I do not complain of my hon. Friends raising their voices on matters which are matters for protest. I would just ask for one consideration in return, and that is that they should really first of all master what the provisions of the Bill are on the particular point of which they speak. My hon. Friend (Mr. Leach) speaks with the greatest sincerity, but I would ask him to observe that during all the time he has been delivering lectures he has been doing so under a law which does protect them, and that when, he has published his lectures he has exercised the right which the existing law gives him. All that we do in this Clause is to provide that the lecturer has copyright in his lecture, subject to the other provisions of the Bill. If the House will look at the next Clause they will find that it is not an infringement of a lecture to use it for study, research, criticism, review, or a newspaper summary, and Sub-section (4) of Clause 2 provides that no lecturer is to have copyright unless he goes through elaborate formalities which, I am quite certain, would be foreign to the purpose of both hon. Members, and which are deliberately made stringent in order that they may strictly confine the class of lecture. He is not the lecturer who gets up and delivers a lecture for ordinary public purposes, for social or other purposes, and who, of course, does not seek to exercise his protective privileges at all. But you do get a class of person who is entitled to protection. Some of the very greatest scientific researches of the last century, as the result of years of original work, have been given to the would in the form of lectures. It would be a gross hardship if we protected the novelist and protected an encyclopædia, and did not protect the man who may give forth the results of years of study in the form of a lecture. In the first place, we say the law cannot protect you unless; you give conspicuous written or printed notice, affix it, and so forth. We say that even then you must consent to a reasonable newspaper summary. A case of that sort is not the kind of case that should be excluded from this Bill, especially since, if we did exclude it, we should be altering the law.

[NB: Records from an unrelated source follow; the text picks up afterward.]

(* Let $G$ be a graph on vertex set $[n]$ and $r\ge1$ an integer, and suppose that no vertex of $G$ has more than one cycle in its $r$-neighborhood. Define the relation $i\sim j$ iff there is a cycle contained in the intersection of the $r$-neighborhoods of $i$ and $j$, and let $B=A^{[r]}-A^{\{r\}}$. Then for all $i,j\in[n]$: (i) $B_{ij}\ne0$ implies $i\sim j$; (ii) $B_{ij}\ne0$ implies there are at least two paths of length $\le r$ from $i$ to $j$; (iii) $|B_{ij}|\le 1$; (iv) there are at most two paths of length $\le r$ from $i$ to $j$.
   Context: The $r$-neighborhood of a vertex $v$ is the subgraph of $G$ induced by vertices at graph distance at most $r$ from $v$. $A^{[r]}$ is the $r$-distance matrix: $A^{[r]}_{ij}=1$ if $d_G(i,j)=r$ and $0$ otherwise. $A^{\{r\}}$ is the length-$r$ self-avoiding-walk matrix: $A^{\{r\}}_{ij}$ is the number of self-avoiding walks (paths) of length exactly $r$ between $i$ and $j$. *)

theory Defs
  imports Main "HOL-Library.Extended_Nat"
begin

(* A simple graph is given by an edge relation E (symmetric, irreflexive).
   Walks are nonempty vertex lists with consecutive vertices adjacent;
   a walk with k+1 vertices has length k. *)

definition walk :: "('a \<Rightarrow> 'a \<Rightarrow> bool) \<Rightarrow> 'a list \<Rightarrow> bool" where
  "walk E xs \<longleftrightarrow> xs \<noteq> [] \<and> (\<forall>k. Suc k < length xs \<longrightarrow> E (xs ! k) (xs ! Suc k))"

definition gpath :: "('a \<Rightarrow> 'a \<Rightarrow> bool) \<Rightarrow> 'a list \<Rightarrow> bool" where
  "gpath E xs \<longleftrightarrow> walk E xs \<and> distinct xs"

(* graph distance; \<infinity> if no walk *)
definition gdist :: "('a \<Rightarrow> 'a \<Rightarrow> bool) \<Rightarrow> 'a \<Rightarrow> 'a \<Rightarrow> enat" where
  "gdist E i j = (INF xs \<in> {xs. walk E xs \<and> hd xs = i \<and> last xs = j}. enat (length xs - 1))"

definition ball :: "'a set \<Rightarrow> ('a \<Rightarrow> 'a \<Rightarrow> bool) \<Rightarrow> 'a \<Rightarrow> nat \<Rightarrow> 'a set" where
  "ball V E v r = {u \<in> V. gdist E v u \<le> enat r}"

definition dist_mat :: "('a \<Rightarrow> 'a \<Rightarrow> bool) \<Rightarrow> nat \<Rightarrow> 'a \<Rightarrow> 'a \<Rightarrow> int" where
  "dist_mat E r i j = (if gdist E i j = enat r then 1 else 0)"

definition saw_mat :: "('a \<Rightarrow> 'a \<Rightarrow> bool) \<Rightarrow> nat \<Rightarrow> 'a \<Rightarrow> 'a \<Rightarrow> int" where
  "saw_mat E r i j = int (card {xs. gpath E xs \<and> hd xs = i \<and> last xs = j \<and> length xs = r + 1})"

definition paths_le :: "('a \<Rightarrow> 'a \<Rightarrow> bool) \<Rightarrow> nat \<Rightarrow> 'a \<Rightarrow> 'a \<Rightarrow> 'a list set" where
  "paths_le E r i j = {xs. gpath E xs \<and> hd xs = i \<and> last xs = j \<and> length xs \<le> r + 1}"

I hope I did not misunderstand the learned Solicitor-General, but I understood him to say that during the whole of my lecturing career I have been protected. Am I not correct in saying that I am not protected in any lecture I deliver now, unless I give due notice that I wish to be protected?
That is exactly the case and you will lose that protection if you exclude lecturers.
I do not think that is quite fair, since, as a matter of fact, under the existing law he has to go before a magistrate and make a declaration.
was understood to say, I did not mean, to be unfair to the hon. Member.
The Government do not make a great many changes in the case of lectures, and I would suggest to the hon. Member that it is hardly worth while dividing. The restrictions are so stiff now in the way of a lecturer that it would be a very hard case to get a copyright protection. He has got to put up his notice "Copyright" on his desk, and the newspapers are allowed to publish a full newspaper summary. I do not think there is really much to complain of there. The only person who is going to be protected on easy terms is the bishop or the parson in the sermons, which are the last things that ought to be copyrighted. They are delivered to a congregation and it might be assumed they are speaking to the world. I suggest it is hardly worth while dividing.
I do not propose to go to a Division, not because I have changed my views in the least. The very fact that all these regulations have to be gone through shows that this, is protection for the rich man and not for the poor man. The rich man will know all about this and has time to go before a magistrate under the existing law. Under the future law we are told it is very complicated. The rich man and the idle man will have the means to protect himself, and the poor man whose lecture is equally important will get no protection. That is one of the most hateful features of this Bill. I beg leave to withdraw.
Amendment, by leave, withdrawn.
I beg to move to leave out Sub-section (3).
I notice there are subsequent Amendments to delete certain words, but an explanation may save discussion. This is a very long-winded sort of sentence, and I move, in order to have some explanation of what the Sub-section means.Amendment not seconded.
I beg to move, in Sub-section (2), to leave out the words, "or the construction of an architectural work of art."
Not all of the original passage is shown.